***** DATA TO EXAMINE

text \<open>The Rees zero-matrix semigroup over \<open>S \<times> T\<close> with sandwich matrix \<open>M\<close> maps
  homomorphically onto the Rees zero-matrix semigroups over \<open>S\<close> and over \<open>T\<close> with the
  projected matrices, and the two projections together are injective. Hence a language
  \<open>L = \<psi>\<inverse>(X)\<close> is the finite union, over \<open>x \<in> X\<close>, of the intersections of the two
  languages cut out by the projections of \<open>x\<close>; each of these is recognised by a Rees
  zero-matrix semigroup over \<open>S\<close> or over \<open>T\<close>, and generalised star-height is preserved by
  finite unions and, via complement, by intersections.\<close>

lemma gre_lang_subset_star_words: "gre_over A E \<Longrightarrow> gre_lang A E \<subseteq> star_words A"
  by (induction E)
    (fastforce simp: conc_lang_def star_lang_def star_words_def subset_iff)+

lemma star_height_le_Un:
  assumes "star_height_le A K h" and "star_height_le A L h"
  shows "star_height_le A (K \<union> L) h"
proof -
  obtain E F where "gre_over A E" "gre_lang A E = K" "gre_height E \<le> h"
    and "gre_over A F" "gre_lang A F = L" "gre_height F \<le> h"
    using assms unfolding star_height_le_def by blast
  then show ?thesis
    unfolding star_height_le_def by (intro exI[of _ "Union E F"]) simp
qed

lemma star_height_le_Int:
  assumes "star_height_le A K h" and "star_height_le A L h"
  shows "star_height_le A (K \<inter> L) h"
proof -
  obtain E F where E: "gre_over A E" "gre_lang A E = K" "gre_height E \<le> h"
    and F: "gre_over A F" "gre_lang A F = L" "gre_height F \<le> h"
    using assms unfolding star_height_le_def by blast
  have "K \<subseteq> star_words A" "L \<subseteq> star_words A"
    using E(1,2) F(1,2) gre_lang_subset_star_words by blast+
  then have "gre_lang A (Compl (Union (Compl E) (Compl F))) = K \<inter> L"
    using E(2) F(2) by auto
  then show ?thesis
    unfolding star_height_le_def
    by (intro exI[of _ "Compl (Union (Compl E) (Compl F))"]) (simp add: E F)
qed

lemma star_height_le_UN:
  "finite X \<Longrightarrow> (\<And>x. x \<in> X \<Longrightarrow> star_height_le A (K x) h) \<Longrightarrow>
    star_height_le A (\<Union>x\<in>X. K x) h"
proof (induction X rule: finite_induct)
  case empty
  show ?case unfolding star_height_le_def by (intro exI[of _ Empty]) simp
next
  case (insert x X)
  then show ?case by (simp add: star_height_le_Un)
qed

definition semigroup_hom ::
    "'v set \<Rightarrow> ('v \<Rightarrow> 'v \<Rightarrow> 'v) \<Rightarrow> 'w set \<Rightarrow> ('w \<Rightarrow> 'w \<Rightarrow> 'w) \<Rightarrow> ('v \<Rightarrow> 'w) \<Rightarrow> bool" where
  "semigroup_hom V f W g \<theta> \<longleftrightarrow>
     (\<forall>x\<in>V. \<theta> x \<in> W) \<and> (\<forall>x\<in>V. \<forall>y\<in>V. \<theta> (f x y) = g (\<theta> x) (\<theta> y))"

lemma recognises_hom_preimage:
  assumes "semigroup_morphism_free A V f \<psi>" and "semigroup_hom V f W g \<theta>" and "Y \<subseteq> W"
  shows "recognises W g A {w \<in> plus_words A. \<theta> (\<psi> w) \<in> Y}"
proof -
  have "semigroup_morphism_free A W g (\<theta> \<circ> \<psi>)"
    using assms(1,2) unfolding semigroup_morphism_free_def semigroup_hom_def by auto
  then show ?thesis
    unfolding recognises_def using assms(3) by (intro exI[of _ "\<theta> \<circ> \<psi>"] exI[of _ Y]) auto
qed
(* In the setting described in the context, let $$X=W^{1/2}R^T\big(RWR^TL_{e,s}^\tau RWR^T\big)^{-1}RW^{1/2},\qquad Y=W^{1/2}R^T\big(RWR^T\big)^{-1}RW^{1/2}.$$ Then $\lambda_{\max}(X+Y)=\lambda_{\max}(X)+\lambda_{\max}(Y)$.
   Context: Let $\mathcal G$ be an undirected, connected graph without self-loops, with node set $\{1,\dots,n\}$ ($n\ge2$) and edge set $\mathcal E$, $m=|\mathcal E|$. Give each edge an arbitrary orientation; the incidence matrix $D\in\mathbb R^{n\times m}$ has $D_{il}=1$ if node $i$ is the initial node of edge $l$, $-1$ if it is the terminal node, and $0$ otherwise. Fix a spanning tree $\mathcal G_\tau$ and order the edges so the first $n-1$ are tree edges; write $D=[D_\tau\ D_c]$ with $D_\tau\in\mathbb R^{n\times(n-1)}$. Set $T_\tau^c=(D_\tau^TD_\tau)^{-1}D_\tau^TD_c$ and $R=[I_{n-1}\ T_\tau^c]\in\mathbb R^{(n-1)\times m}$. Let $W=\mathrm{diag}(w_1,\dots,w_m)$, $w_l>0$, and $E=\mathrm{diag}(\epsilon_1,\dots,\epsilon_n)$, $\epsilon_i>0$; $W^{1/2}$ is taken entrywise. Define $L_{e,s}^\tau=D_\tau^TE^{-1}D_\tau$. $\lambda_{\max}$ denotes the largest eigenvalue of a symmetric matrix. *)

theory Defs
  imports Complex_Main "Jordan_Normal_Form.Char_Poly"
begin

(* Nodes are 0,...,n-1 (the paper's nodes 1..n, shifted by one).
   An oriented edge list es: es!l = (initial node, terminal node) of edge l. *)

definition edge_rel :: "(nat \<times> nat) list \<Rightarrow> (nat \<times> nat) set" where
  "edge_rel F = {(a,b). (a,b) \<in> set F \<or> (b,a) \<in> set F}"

**********

__WORK ORDER__
Write out exactly the lines above between the line with "case (insert x X)" and the line with "(* Nodes are", inclusive, and nothing beyond them.

__ANSWER TO THIS TASK__
  case (insert x X)
  then show ?case by (simp add: star_height_le_Un)
qed

definition semigroup_hom ::
    "'v set \<Rightarrow> ('v \<Rightarrow> 'v \<Rightarrow> 'v) \<Rightarrow> 'w set \<Rightarrow> ('w \<Rightarrow> 'w \<Rightarrow> 'w) \<Rightarrow> ('v \<Rightarrow> 'w) \<Rightarrow> bool" where
  "semigroup_hom V f W g \<theta> \<longleftrightarrow>
     (\<forall>x\<in>V. \<theta> x \<in> W) \<and> (\<forall>x\<in>V. \<forall>y\<in>V. \<theta> (f x y) = g (\<theta> x) (\<theta> y))"

lemma recognises_hom_preimage:
  assumes "semigroup_morphism_free A V f \<psi>" and "semigroup_hom V f W g \<theta>" and "Y \<subseteq> W"
  shows "recognises W g A {w \<in> plus_words A. \<theta> (\<psi> w) \<in> Y}"
proof -
  have "semigroup_morphism_free A W g (\<theta> \<circ> \<psi>)"
    using assms(1,2) unfolding semigroup_morphism_free_def semigroup_hom_def by auto
  then show ?thesis
    unfolding recognises_def using assms(3) by (intro exI[of _ "\<theta> \<circ> \<psi>"] exI[of _ Y]) auto
qed
(* In the setting described in the context, let $$X=W^{1/2}R^T\big(RWR^TL_{e,s}^\tau RWR^T\big)^{-1}RW^{1/2},\qquad Y=W^{1/2}R^T\big(RWR^T\big)^{-1}RW^{1/2}.$$ Then $\lambda_{\max}(X+Y)=\lambda_{\max}(X)+\lambda_{\max}(Y)$.
   Context: Let $\mathcal G$ be an undirected, connected graph without self-loops, with node set $\{1,\dots,n\}$ ($n\ge2$) and edge set $\mathcal E$, $m=|\mathcal E|$. Give each edge an arbitrary orientation; the incidence matrix $D\in\mathbb R^{n\times m}$ has $D_{il}=1$ if node $i$ is the initial node of edge $l$, $-1$ if it is the terminal node, and $0$ otherwise. Fix a spanning tree $\mathcal G_\tau$ and order the edges so the first $n-1$ are tree edges; write $D=[D_\tau\ D_c]$ with $D_\tau\in\mathbb R^{n\times(n-1)}$. Set $T_\tau^c=(D_\tau^TD_\tau)^{-1}D_\tau^TD_c$ and $R=[I_{n-1}\ T_\tau^c]\in\mathbb R^{(n-1)\times m}$. Let $W=\mathrm{diag}(w_1,\dots,w_m)$, $w_l>0$, and $E=\mathrm{diag}(\epsilon_1,\dots,\epsilon_n)$, $\epsilon_i>0$; $W^{1/2}$ is taken entrywise. Define $L_{e,s}^\tau=D_\tau^TE^{-1}D_\tau$. $\lambda_{\max}$ denotes the largest eigenvalue of a symmetric matrix. *)

theory Defs
  imports Complex_Main "Jordan_Normal_Form.Char_Poly"
begin

(* Nodes are 0,...,n-1 (the paper's nodes 1..n, shifted by one).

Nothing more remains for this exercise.